Глава IX. Снова в Париже

Вместо одного месяца я отсутствовал три. Я не сомневался, что многие из моих пациентов останутся у моего друга доктора Норстрема, который лечил их, пока меня не было. Однако я ошибся: они все вернулись ко мне — и те, кому стало лучше, и те, кому стало хуже, — вернулись, отзываясь с большой похвалой о моем коллеге, но и с неменьшей — обо мне. Я не имел бы ничего против, если бы они предпочли его: я и так был очень занят, а его практика, как я знал, все сокращалась, и он даже вынужден был переехать с бульвара Осман в скромную квартирку на улице Пигаль. Норстрем неизменно был верным моим другом, много раз выручал меня в начале моей карьеры, когда я пробовал свои силы в хирургии, и всегда был готов взять на себя долю ответственности за мои частые ошибки. На память мне приходит история барона Б. Пожалуй, я расскажу ее, чтобы вы поняли, каким человеком был мой друг. Барон Б., старейший член шведской колонии, часто недомогал, и его лечил Норстрем. Однажды Норстрем, поддавшись своей злополучной робости, настоял, чтобы на консилиум пригласили меня. Барону я очень понравился — нового врача всегда считают хорошим, пока он не докажет обратного. Норстрем рекомендовал немедленную операцию, я был против. Барон написал мне, что ему надоел мрачный вид Норстрема, и просил меня стать его врачом. Я, конечно, отказался, но Норстрем сам пожелал передать мне этого пациента. Здоровье барона, казалось, улучшалось на глазах, и все меня поздравляли. Через месяц мне стало ясно, что Норстрем был прав в своем диагнозе, но что теперь уже поздно думать об операции; больной был обречен. Я написал его племяннику в Стокгольм, чтобы он приехал и отвез дядю умирать на родину. С большим трудом мне удалось уговорить старика — он не хотел со мной расставаться, утверждая, что я — единственный врач, который понял его болезнь. Через несколько месяцев племянник написал мне, что дядя завещал мне ценные золотые часы с репетиром на память о том, что я для него сделал. Я часто нажимаю кнопку репетира, чтобы звон часов напоминал мне, из чего слагается слава врача.

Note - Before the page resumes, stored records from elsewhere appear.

(* Let $n \ge 2$ and let $\mathcal{P} = \langle x, y \mid x^n y^{-2}, R\rangle$, $R \in F(x,y)$, be a regular presentation of $Q_{4n}$. Then there exist an integer $k \ge 0$ and nonzero integers $n_1, m_1, \dots, n_k, m_k$ such that $\mathcal{P} \simeq_Q \mathcal{P}_n(n_1,\dots,n_k;m_1,\dots,m_k)$.
   Context: $Q_{4n}$ is identified with $\langle x, y \mid x^n y^{-2}, xyxy^{-1} \rangle$ and $F(x,y)$ is the free group on $x,y$. A presentation $\langle x, y \mid x^n y^{-2}, R\rangle$ is regular if the map $x \mapsto x$, $y \mapsto y$ induces a group isomorphism from the group it presents to $Q_{4n}$. For integers $k\ge 0$, $n_1,\dots,n_k,m_1,\dots,m_k$, with $n_{k+1} = 1 - \sum_{i=1}^k n_i$, $m_{k+1} = 1 - \sum_{i=1}^k m_i$, $\mathcal{P}_n(n_1,\dots,n_k;m_1,\dots,m_k) = \langle x, y \mid x^n y^{-2},\ x^{n_1} y x^{m_1} y^{-1} \cdots x^{n_{k+1}} y x^{m_{k+1}} y^{-1} \rangle$. Two finite presentations on the same generators are $Q$-equivalent ($\simeq_Q$) if related by a finite sequence of the moves: replace a relator $r_i$ by $r_ir_j$ ($j\neq i$); replace $r_i$ by $r_i^{-1}$; replace $r_i$ by $wr_iw^{-1}$ for some $w$ in the free group on the generators. *)

theory Defs
  imports "HOL-Algebra.Algebra"
begin

datatype gen = GX | GY

type_synonym letter = "gen \<times> bool"   \<comment> \<open>True = generator, False = its inverse\<close>
type_synonym word = "letter list"

definition inv_letter :: "letter \<Rightarrow> letter" where
  "inv_letter l = (fst l, \<not> snd l)"

fun red :: "word \<Rightarrow> word" where
  "red [] = []"
| "red (a # w) = (case red w of [] \<Rightarrow> [a]
                   | b # u \<Rightarrow> (if b = inv_letter a then u else a # b # u))"

fun reduced :: "word \<Rightarrow> bool" where
  "reduced [] = True"
| "reduced [a] = True"
| "reduced (a # b # w) = (b \<noteq> inv_letter a \<and> reduced (b # w))"

definition wmult :: "word \<Rightarrow> word \<Rightarrow> word" where
  "wmult u v = red (u @ v)"

definition winv :: "word \<Rightarrow> word" where
  "winv w = rev (map inv_letter w)"

definition FG :: "word monoid" where
  "FG = \<lparr>carrier = {w. reduced w}, monoid.mult = wmult, one = []\<rparr>"

definition normal_closure :: "('a, 'b) monoid_scheme \<Rightarrow> 'a set \<Rightarrow> 'a set" where
  "normal_closure G S = \<Inter>{N. N \<lhd> G \<and> S \<subseteq> N}"

definition pres_group :: "word list \<Rightarrow> word set monoid" where
  "pres_group rels = FG Mod (normal_closure FG (set rels))"

definition gx :: word where "gx = [(GX, True)]"
definition gy :: word where "gy = [(GY, True)]"

definition xpow :: "int \<Rightarrow> word" where
  "xpow a = (if a \<ge> 0 then replicate (nat a) (GX, True) else replicate (nat (- a)) (GX, False))"

definition rel0 :: "nat \<Rightarrow> word" where
  "rel0 n = replicate n (GX, True) @ [(GY, False), (GY, False)]"

definition Q_rels :: "nat \<Rightarrow> word list" where
  "Q_rels n = [rel0 n, [(GX, True), (GY, True), (GX, True), (GY, False)]]"

definition regular :: "nat \<Rightarrow> word \<Rightarrow> bool" where
  "regular n R \<longleftrightarrow>
     (let NP = normal_closure FG (set [rel0 n, R]);
          NQ = normal_closure FG (set (Q_rels n))
      in \<exists>h \<in> iso (pres_group [rel0 n, R]) (pres_group (Q_rels n)).
           h (NP #>\<^bsub>FG\<^esub> gx) = NQ #>\<^bsub>FG\<^esub> gx \<and>
           h (NP #>\<^bsub>FG\<^esub> gy) = NQ #>\<^bsub>FG\<^esub> gy)"

definition Pn_rel :: "int list \<Rightarrow> int list \<Rightarrow> word" where
  "Pn_rel ns ms =
     (let ns' = ns @ [1 - sum_list ns]; ms' = ms @ [1 - sum_list ms]
      in red (concat (map (\<lambda>(a, b). xpow a @ [(GY, True)] @ xpow b @ [(GY, False)])
                          (zip ns' ms'))))"

definition Pn :: "nat \<Rightarrow> int list \<Rightarrow> int list \<Rightarrow> word list" where
  "Pn n ns ms = [rel0 n, Pn_rel ns ms]"

definition Q_move :: "word list \<Rightarrow> word list \<Rightarrow> bool" where
  "Q_move rs rs' \<longleftrightarrow>
     (\<exists>i j. i < length rs \<and> j < length rs \<and> i \<noteq> j \<and> rs' = rs[i := wmult (rs ! i) (rs ! j)])
   \<or> (\<exists>i. i < length rs \<and> rs' = rs[i := winv (rs ! i)])
   \<or> (\<exists>i w. i < length rs \<and> w \<in> carrier FG \<and> rs' = rs[i := wmult (wmult w (rs ! i)) (winv w)])"

definition Q_equiv :: "word list \<Rightarrow> word list \<Rightarrow> bool" (infix \<open>\<simeq>\<^sub>Q\<close> 50) where
  "Q_equiv P P' \<longleftrightarrow> (\<lambda>a b. Q_move a b \<or> Q_move b a)\<^sup>*\<^sup>* P P'"

end

theory Submission
  imports Defs
begin

text \<open>Modulo the normal closure of \<open>x\<^sup>n y\<^sup>-\<^sup>2\<close>, every word equals a product of pairs
  \<open>x\<^sup>a y x\<^sup>b y\<^sup>-\<^sup>1\<close> followed by \<open>x\<^sup>c y\<^sup>e\<close>. Two invariants pin down such a form of the
  second relator \<open>R\<close>: the homomorphism to \<open>\<int>\<close> with \<open>x \<mapsto> 2\<close>, \<open>y \<mapsto> n\<close> kills \<open>x\<^sup>n y\<^sup>-\<^sup>2\<close>,
  and regularity forces it to take the value \<open>\<plusminus>4\<close> on \<open>R\<close>, hence \<open>4\<close> after replacing \<open>R\<close> by
  \<open>R\<^sup>-\<^sup>1\<close>; and \<open>R\<close> is trivial in \<open>Q\<^sub>4\<^sub>n\<close>. This gives \<open>e = 0\<close>, \<open>\<Sigma>a + \<Sigma>b + c = 2\<close> and
  \<open>\<Sigma>a - \<Sigma>b + c \<equiv> 0 (mod 2n)\<close>. Conjugating by \<open>x\<^sup>c\<close> and shifting one pair by a multiple
  of the central element \<open>x\<^sup>n = y\<^sup>2\<close> makes both exponent sums \<open>1\<close>, and merging pairs with a
  zero exponent (rotating cyclically where needed) yields the relator of
  \<open>P\<^sub>n(n\<^sub>1,\<dots>,n\<^sub>k; m\<^sub>1,\<dots>,m\<^sub>k)\<close>. Conjugation is a \<open>Q\<close>-move, and multiplying the second relator by
  an element of the normal closure of \<open>x\<^sup>n y\<^sup>-\<^sup>2\<close> is a sequence of \<open>Q\<close>-moves, because the
  admissible multipliers form a normal subgroup containing \<open>x\<^sup>n y\<^sup>-\<^sup>2\<close>.\<close>

section \<open>Free reduction\<close>

definition cons_cancel :: "letter \<Rightarrow> word \<Rightarrow> word" where
  "cons_cancel a w = (case w of [] \<Rightarrow> [a] | b # u \<Rightarrow> (if b = inv_letter a then u else a # b # u))"

lemma red_Cons: "red (a # w) = cons_cancel a (red w)"
  by (simp add: cons_cancel_def)

declare red.simps(2) [simp del]

lemma red_singleton [simp]: "red [a] = [a]"
  by (simp add: red_Cons cons_cancel_def)

lemma inv_letter_inv_letter [simp]: "inv_letter (inv_letter a) = a"
  by (simp add: inv_letter_def)

lemma inv_letter_neq [simp]: "inv_letter a \<noteq> a" "a \<noteq> inv_letter a"
  by (simp_all add: inv_letter_def prod_eq_iff)

lemma reduced_Cons: "reduced (a # w) \<longleftrightarrow> reduced w \<and> (w = [] \<or> hd w \<noteq> inv_letter a)"
  by (cases w) auto

lemma reduced_snoc: "reduced (w @ [a]) \<longleftrightarrow> reduced w \<and> (w = [] \<or> a \<noteq> inv_letter (last w))"
  by (induction w rule: reduced.induct) (auto simp: inv_letter_def)

lemma reduced_cons_cancel: "reduced w \<Longrightarrow> reduced (cons_cancel a w)"
  by (cases w) (auto simp: cons_cancel_def reduced_Cons)

lemma reduced_red: "reduced (red w)"
  by (induction w) (auto simp: red_Cons reduced_cons_cancel)

lemma red_reduced: "reduced w \<Longrightarrow> red w = w"
proof (induction w)
  case (Cons a w)
  then show ?case
    by (cases w) (auto simp: red_Cons cons_cancel_def reduced_Cons)
qed simp

lemma red_red [simp]: "red (red w) = red w"
  by (simp add: red_reduced reduced_red)

lemma cons_cancel_inv_letter: "reduced w \<Longrightarrow> cons_cancel a (cons_cancel (inv_letter a) w) = w"
  by (cases w) (auto simp: cons_cancel_def reduced_Cons split: list.splits)

lemma red_append_red_right: "red (u @ red v) = red (u @ v)"
  by (induction u) (auto simp: red_Cons)

lemma red_cons_cancel_append:
  assumes "reduced w"
  shows "red (cons_cancel a w @ v) = cons_cancel a (red (w @ v))"
proof (cases w)
  case (Cons b u)
  show ?thesis
  proof (cases "b = inv_letter a")
    case True
    have "cons_cancel a (red (w @ v)) = cons_cancel a (cons_cancel (inv_letter a) (red (u @ v)))"
      using Cons True by (simp add: red_Cons)
    also have "\<dots> = red (u @ v)"
      by (rule cons_cancel_inv_letter[OF reduced_red])
    finally show ?thesis
      using Cons True by (simp add: cons_cancel_def)
  qed (use Cons in \<open>simp add: cons_cancel_def red_Cons\<close>)
qed (simp add: cons_cancel_def red_Cons)

lemma red_append_red_left: "red (red u @ v) = red (u @ v)"
  by (induction u) (simp_all add: red_Cons red_cons_cancel_append[OF reduced_red])

lemma winv_Nil [simp]: "winv [] = []"
  by (simp add: winv_def)

lemma reduced_winv: "reduced w \<Longrightarrow> reduced (winv w)"
proof (induction w)
  case (Cons a w)
  have snoc: "winv (a # w) = winv w @ [inv_letter a]"
    by (simp add: winv_def)
  have "w \<noteq> [] \<Longrightarrow> last (winv w) = inv_letter (hd w)"
    by (cases w) (auto simp: winv_def)
  with Cons show ?case
    unfolding snoc reduced_snoc by (cases w) (auto simp: reduced_Cons)
qed simp

lemma red_winv_append: "red (winv w @ w) = []"
proof (induction w)
  case (Cons a w)
  have "red (inv_letter a # a # w) = red w"
    using cons_cancel_inv_letter[OF reduced_red, of "inv_letter a" w] by (simp add: red_Cons)
  then have "red (winv w @ inv_letter a # a # w) = red (winv w @ w)"
    by (metis red_append_red_right)
  then show ?case
    using Cons by (simp add: winv_def)
qed simp

lemma carrier_FG: "carrier FG = {w. reduced w}"
  by (simp add: FG_def)

lemma mult_FG: "u \<otimes>\<^bsub>FG\<^esub> v = red (u @ v)"
  by (simp add: FG_def wmult_def)

lemma one_FG: "\<one>\<^bsub>FG\<^esub> = []"
  by (simp add: FG_def)

lemma red_carrier: "w \<in> carrier FG \<Longrightarrow> red w = w"
  by (simp add: carrier_FG red_reduced)

lemma group_FG: "group FG"
proof (rule groupI)
  fix u v w :: word
  show "u \<otimes>\<^bsub>FG\<^esub> v \<otimes>\<^bsub>FG\<^esub> w = u \<otimes>\<^bsub>FG\<^esub> (v \<otimes>\<^bsub>FG\<^esub> w)"
    by (simp add: mult_FG red_append_red_left red_append_red_right)
next
  fix w assume "w \<in> carrier FG"
  then show "\<one>\<^bsub>FG\<^esub> \<otimes>\<^bsub>FG\<^esub> w = w"
    by (simp add: carrier_FG mult_FG one_FG red_reduced)
  show "\<exists>v\<in>carrier FG. v \<otimes>\<^bsub>FG\<^esub> w = \<one>\<^bsub>FG\<^esub>"
    by (rule bexI[of _ "red (winv w)"])
      (simp_all add: carrier_FG mult_FG one_FG reduced_red red_append_red_left red_winv_append)
qed (simp_all add: carrier_FG mult_FG one_FG reduced_red)

interpretation F: group FG
  by (rule group_FG)

lemma group_hom_FG: "group H \<Longrightarrow> f \<in> hom FG H \<Longrightarrow> group_hom FG H f"
  by (simp add: group_hom_def group_hom_axioms_def group_FG)

lemma inv_FG: "w \<in> carrier FG \<Longrightarrow> inv\<^bsub>FG\<^esub> w = winv w"
  by (rule F.inv_equality)
    (simp_all add: carrier_FG mult_FG one_FG reduced_winv red_winv_append)

lemma red_append_FG: "red (u @ v) = red u \<otimes>\<^bsub>FG\<^esub> red v"
  by (simp add: mult_FG red_append_red_left red_append_red_right)

lemma Cons_FG: "reduced (a # w) \<Longrightarrow> a # w = [a] \<otimes>\<^bsub>FG\<^esub> w"
  by (simp add: mult_FG red_reduced)

lemma snoc_FG: "reduced (w @ [a]) \<Longrightarrow> w @ [a] = w \<otimes>\<^bsub>FG\<^esub> [a]"
  by (simp add: mult_FG red_reduced)

lemma gx_carrier [simp]: "gx \<in> carrier FG" and gy_carrier [simp]: "gy \<in> carrier FG"
  by (simp_all add: gx_def gy_def carrier_FG)

lemma inv_gx: "inv\<^bsub>FG\<^esub> gx = [(GX, False)]" and inv_gy: "inv\<^bsub>FG\<^esub> gy = [(GY, False)]"
  by (simp_all only: inv_FG[OF gx_carrier] inv_FG[OF gy_carrier])
    (simp_all add: gx_def gy_def winv_def inv_letter_def)

lemma letter_FG_cases: "[a] \<in> {gx, inv\<^bsub>FG\<^esub> gx, gy, inv\<^bsub>FG\<^esub> gy}"
proof -
  obtain g b where "a = (g, b)"
    by (cases a)
  then show ?thesis
    unfolding inv_gx inv_gy by (cases g; cases b) (simp_all add: gx_def gy_def)
qed

lemma hom_FG_eqI:
  assumes "group H" and f: "f \<in> hom FG H" and g: "g \<in> hom FG H"
    and "f gx = g gx" and "f gy = g gy" and "w \<in> carrier FG"
  shows "f w = g w"
  using \<open>w \<in> carrier FG\<close>
proof (induction w)
  interpret f: group_hom FG H f
    using assms(1) f by (rule group_hom_FG)
  interpret g: group_hom FG H g
    using assms(1) g by (rule group_hom_FG)
  {
    case Nil
    show ?case using f.hom_one g.hom_one by (simp add: one_FG)
  next
    case (Cons a w)
    then have w: "w \<in> carrier FG" and a: "[a] \<in> carrier FG"
      by (simp_all add: carrier_FG reduced_Cons)
    have "a # w = [a] \<otimes>\<^bsub>FG\<^esub> w"
      using Cons.prems by (intro Cons_FG) (simp add: carrier_FG)
    moreover have "f [a] = g [a]"
      using letter_FG_cases[of a] assms(4,5) by auto
    ultimately show ?case
      using a w Cons.IH[OF w] by simp
  }
qed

В последнее время отношения между Норстремом и мною несколько изменились. Все чаще и чаще его больные обращались ко мне — чересчур часто! В тот день, о котором пойдет речь, один из них умер у меня на главах смерть тем более неприятная для Норстрема, что больной принадлежал к самым известным людям шведской колонии. Норстрем был чрезвычайно расстроен, и я повез его обедать в кафе «Режанс», чтобы он немного рассеялся.

— Объяснил бы ты мне секрет твоего успеха и моих неудач, — сказал Норстрем, мрачно уставившись на меня поверх бутылки сен-жюльена.

— Прежде всего это дело счастья, — сказал я. — Однако играет роль и разница в характере: я хватаю фортуну за волосы, а ты, засунув руки в карманы, смотришь, как она пролетает мимо. Я убежден, что ты гораздо лучше меня знаешь особенности человеческого организма и его болезни, зато я, пожалуй, лучше тебя знаю человеческую душу, хотя ты и вдвое меня старше. Ну для чего ты сказал русскому профессору, которого я послал к тебе, что у него грудная жаба, и описал ему все симптомы этой неизлечимой болезни?

— Он требовал, чтобы ему сказали правду, и я должен был ее сказать, иначе он не стал бы меня слушаться.

— Я ему ничего подобного не говорил, а он все-таки слушался меня беспрекословно. Он лгал, когда говорил, что хочет знать все и не боится смерти. Никому не хочется знать, что его болезнь неизлечима, и любой человек боится смерти, что вполне понятно. Теперь он чувствует себя гораздо хуже. Его жизнь отравлена страхом, и это твоя вина!

— Ты постоянно говоришь о нервах и психике, как будто наш организм состоит только из них. Причина грудной жабы — атеросклероз коронарных сосудов.

— Спроси у профессора Юшара, что произошло на прошлой неделе в его клинике, когда он демонстрировал нам случай грудной жабы. У пациентки внезапно начался сильный приступ, который сам профессор счел за смертельный. Я попросил у него разрешения попробовать прекратить приступ с помощью внушения. Он заметил, что это бесполезно, но согласился. Я положил больной руку на лоб, сказав ей, что сейчас все пройдет, и вскоре выражение ужаса исчезло из ее глаз, она глубоко вздохнула и объявила, что чувствует себя здоровой. Ты, конечно, скажешь, что это был случай ложной грудной жабы, но я могу доказать противное. Четыре дня спустя приступ повторился, и через пять минут она умерла. Ты всегда стараешься объяснить твоим пациентам то, что ты подчас сам себе объяснить не можешь. Ты забываешь, что главное тут вера, а не знания, — совсем как в религии. Католическая церковь никогда ничего не объясняет и остается одной из самых мощных сил мира; протестантская церковь пытается все объяснить — и разваливается. Чем меньше правды знают твои пациенты, тем лучше для них. Работа органов нашего тела вовсе не руководится рассудком, и, заставляя своих пациентов задумываться над их болезнями, ты нарушаешь законы природы. Говори, что они должны делать то-то и то-то, принимать то или иное лекарство, чтобы выздороветь, а если они не намерены тебя слушаться, пусть обращаются к другому врачу. Не посещай их без крайней необходимости и разговаривай с ними поменьше, не то они тебя быстро раскусят и поймут, как мало мы знаем. Врачи, подобно высочайшим особам, должны сохранять определенную дистанцию между собой и остальными людьми — мы все выглядим лучше в пригашенном свете. Вспомни, что близкие врача всегда предпочитают лечиться у кого-нибудь другого. Как раз теперь я тайно лечу жену знаменитого парижского врача — всего два дня назад она показала мне его последнее назначение и спросила, будет ли ей полезно это лекарство.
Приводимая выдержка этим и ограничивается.